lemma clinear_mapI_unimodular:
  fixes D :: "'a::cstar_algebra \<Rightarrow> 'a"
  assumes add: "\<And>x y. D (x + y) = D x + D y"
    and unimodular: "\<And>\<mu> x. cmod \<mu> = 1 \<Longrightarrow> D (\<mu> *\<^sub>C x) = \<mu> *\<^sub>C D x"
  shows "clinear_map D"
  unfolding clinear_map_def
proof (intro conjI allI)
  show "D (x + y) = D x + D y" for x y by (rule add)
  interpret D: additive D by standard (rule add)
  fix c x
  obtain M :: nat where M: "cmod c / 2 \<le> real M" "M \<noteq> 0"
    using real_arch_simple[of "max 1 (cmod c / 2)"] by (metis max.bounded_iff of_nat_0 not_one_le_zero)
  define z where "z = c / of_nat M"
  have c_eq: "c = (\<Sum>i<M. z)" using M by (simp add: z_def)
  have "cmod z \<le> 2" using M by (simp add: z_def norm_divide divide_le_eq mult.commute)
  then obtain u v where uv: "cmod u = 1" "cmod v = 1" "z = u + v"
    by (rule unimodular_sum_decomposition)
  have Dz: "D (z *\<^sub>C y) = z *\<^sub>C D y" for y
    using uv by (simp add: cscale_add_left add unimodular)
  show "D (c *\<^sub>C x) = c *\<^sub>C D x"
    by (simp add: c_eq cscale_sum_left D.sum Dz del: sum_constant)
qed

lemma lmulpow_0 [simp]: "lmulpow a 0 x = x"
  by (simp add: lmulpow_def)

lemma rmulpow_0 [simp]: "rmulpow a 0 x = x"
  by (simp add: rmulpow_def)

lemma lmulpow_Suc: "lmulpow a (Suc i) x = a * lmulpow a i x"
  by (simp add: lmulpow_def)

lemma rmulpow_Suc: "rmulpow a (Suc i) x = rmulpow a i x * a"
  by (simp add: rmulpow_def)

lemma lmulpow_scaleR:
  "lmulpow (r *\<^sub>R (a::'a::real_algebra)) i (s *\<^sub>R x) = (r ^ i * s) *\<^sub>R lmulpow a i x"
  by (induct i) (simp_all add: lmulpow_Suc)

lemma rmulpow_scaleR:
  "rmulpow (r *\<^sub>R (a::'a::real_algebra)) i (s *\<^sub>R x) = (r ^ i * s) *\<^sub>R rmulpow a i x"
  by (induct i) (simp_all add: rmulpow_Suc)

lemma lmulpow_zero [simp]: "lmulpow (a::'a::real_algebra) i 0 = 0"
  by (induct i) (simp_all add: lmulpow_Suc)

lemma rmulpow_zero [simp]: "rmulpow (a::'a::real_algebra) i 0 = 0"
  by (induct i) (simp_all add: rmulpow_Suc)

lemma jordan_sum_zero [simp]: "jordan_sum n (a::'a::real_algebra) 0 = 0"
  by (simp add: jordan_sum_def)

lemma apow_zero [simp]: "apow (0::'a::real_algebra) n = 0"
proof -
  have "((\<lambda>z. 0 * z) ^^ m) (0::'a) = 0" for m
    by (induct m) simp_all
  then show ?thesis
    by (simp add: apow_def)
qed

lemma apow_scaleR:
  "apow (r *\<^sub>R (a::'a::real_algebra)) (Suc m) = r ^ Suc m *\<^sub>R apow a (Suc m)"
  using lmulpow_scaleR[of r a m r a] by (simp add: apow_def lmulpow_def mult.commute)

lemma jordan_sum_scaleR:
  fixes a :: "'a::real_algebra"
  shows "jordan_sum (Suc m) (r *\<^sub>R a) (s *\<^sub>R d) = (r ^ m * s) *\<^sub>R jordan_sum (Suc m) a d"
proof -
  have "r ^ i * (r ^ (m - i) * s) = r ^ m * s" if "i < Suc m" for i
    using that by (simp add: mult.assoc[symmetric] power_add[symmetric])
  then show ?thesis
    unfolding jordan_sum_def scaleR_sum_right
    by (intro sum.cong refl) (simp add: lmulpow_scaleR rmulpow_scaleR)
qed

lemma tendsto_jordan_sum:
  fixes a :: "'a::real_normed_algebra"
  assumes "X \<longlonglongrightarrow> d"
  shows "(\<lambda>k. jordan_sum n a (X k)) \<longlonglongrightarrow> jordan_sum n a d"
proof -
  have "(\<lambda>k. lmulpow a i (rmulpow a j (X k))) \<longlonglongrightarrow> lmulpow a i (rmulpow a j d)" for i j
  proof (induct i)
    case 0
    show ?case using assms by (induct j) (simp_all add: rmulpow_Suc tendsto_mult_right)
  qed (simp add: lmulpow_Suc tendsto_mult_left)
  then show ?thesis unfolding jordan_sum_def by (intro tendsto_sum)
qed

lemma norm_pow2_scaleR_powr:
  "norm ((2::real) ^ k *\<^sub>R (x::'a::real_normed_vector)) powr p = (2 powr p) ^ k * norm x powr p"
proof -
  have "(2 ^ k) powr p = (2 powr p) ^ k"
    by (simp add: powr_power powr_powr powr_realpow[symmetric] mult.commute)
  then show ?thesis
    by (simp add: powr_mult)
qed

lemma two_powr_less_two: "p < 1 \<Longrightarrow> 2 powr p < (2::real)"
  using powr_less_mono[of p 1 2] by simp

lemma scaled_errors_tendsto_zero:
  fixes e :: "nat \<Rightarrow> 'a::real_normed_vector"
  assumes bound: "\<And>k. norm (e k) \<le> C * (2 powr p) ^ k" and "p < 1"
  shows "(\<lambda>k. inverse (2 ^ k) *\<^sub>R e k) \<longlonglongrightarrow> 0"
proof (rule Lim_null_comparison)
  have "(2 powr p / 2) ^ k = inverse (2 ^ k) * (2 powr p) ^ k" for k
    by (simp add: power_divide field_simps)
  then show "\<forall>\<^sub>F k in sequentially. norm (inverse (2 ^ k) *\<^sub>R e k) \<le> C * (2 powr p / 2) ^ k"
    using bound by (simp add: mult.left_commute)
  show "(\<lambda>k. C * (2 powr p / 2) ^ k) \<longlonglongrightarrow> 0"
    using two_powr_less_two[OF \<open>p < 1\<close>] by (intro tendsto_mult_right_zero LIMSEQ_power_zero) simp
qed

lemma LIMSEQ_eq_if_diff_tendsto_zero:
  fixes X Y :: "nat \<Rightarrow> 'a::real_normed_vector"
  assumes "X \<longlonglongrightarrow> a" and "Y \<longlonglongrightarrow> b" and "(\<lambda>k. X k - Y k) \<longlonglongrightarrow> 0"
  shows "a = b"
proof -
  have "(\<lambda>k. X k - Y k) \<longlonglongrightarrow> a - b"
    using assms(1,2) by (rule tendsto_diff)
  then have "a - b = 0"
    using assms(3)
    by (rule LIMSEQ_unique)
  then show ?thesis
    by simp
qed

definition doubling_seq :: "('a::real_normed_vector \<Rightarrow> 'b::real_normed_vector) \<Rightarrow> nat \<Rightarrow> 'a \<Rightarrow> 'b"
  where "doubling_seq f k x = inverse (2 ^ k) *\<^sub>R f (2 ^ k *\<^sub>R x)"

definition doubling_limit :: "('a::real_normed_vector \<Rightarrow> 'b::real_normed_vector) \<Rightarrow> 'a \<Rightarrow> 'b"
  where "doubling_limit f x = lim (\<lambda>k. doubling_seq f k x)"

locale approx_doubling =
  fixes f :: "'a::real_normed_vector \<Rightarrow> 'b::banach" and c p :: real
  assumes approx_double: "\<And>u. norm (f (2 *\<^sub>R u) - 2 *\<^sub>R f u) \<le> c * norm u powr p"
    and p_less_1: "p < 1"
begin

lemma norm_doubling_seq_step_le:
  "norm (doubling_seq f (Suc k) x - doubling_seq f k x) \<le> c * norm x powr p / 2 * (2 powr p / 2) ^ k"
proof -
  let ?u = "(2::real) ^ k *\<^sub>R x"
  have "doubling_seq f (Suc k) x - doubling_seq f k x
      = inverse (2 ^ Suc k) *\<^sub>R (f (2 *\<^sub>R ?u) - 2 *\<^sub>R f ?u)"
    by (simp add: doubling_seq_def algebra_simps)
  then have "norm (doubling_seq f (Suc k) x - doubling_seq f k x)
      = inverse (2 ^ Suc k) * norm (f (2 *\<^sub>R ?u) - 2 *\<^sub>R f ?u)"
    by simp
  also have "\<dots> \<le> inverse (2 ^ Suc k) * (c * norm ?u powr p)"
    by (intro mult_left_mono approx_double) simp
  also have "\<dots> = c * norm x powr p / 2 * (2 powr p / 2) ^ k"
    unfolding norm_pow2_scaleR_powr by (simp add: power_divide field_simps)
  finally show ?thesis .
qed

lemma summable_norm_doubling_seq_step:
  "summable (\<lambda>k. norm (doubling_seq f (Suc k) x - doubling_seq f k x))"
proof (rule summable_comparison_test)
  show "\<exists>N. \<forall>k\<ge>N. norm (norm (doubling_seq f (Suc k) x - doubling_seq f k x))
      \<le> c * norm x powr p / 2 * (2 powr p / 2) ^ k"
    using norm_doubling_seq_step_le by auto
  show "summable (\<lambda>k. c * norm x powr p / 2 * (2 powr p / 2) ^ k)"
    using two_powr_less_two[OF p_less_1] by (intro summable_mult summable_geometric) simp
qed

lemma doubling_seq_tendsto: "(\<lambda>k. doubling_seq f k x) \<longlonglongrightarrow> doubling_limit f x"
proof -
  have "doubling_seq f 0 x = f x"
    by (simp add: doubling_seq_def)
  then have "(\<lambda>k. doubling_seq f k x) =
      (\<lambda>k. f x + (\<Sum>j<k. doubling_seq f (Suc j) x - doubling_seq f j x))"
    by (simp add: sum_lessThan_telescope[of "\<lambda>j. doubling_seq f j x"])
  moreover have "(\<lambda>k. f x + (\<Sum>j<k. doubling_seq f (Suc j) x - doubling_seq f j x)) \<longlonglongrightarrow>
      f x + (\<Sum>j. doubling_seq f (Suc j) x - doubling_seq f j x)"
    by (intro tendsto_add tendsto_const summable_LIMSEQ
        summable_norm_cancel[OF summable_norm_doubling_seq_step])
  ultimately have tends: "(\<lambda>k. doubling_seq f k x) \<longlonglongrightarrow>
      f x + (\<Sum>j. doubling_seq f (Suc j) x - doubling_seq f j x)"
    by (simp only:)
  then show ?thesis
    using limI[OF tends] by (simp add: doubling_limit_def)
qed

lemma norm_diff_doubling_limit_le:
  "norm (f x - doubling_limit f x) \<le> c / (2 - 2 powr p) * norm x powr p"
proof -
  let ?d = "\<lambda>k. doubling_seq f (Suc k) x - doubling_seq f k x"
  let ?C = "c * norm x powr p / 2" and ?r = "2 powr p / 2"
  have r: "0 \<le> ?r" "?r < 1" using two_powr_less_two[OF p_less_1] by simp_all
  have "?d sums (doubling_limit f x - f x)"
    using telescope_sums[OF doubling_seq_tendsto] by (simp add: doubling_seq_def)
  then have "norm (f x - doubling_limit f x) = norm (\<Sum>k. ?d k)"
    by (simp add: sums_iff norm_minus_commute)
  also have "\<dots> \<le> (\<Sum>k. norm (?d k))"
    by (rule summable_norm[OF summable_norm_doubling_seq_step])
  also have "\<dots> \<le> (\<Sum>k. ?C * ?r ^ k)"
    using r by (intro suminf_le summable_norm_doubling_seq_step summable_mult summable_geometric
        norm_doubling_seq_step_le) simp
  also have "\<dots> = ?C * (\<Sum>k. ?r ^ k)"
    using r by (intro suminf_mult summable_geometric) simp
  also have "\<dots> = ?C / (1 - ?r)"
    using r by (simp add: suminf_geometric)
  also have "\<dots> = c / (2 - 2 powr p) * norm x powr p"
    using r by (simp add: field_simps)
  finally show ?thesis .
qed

::::::::::

■ Task brief
Within the material above, find every line containing the word "unfolding" and copy it.

■ The completed task
  unfolding clinear_map_def
    unfolding jordan_sum_def scaleR_sum_right
  then show ?thesis unfolding jordan_sum_def by (intro tendsto_sum)
    unfolding norm_pow2_scaleR_powr by (simp add: power_divide field_simps)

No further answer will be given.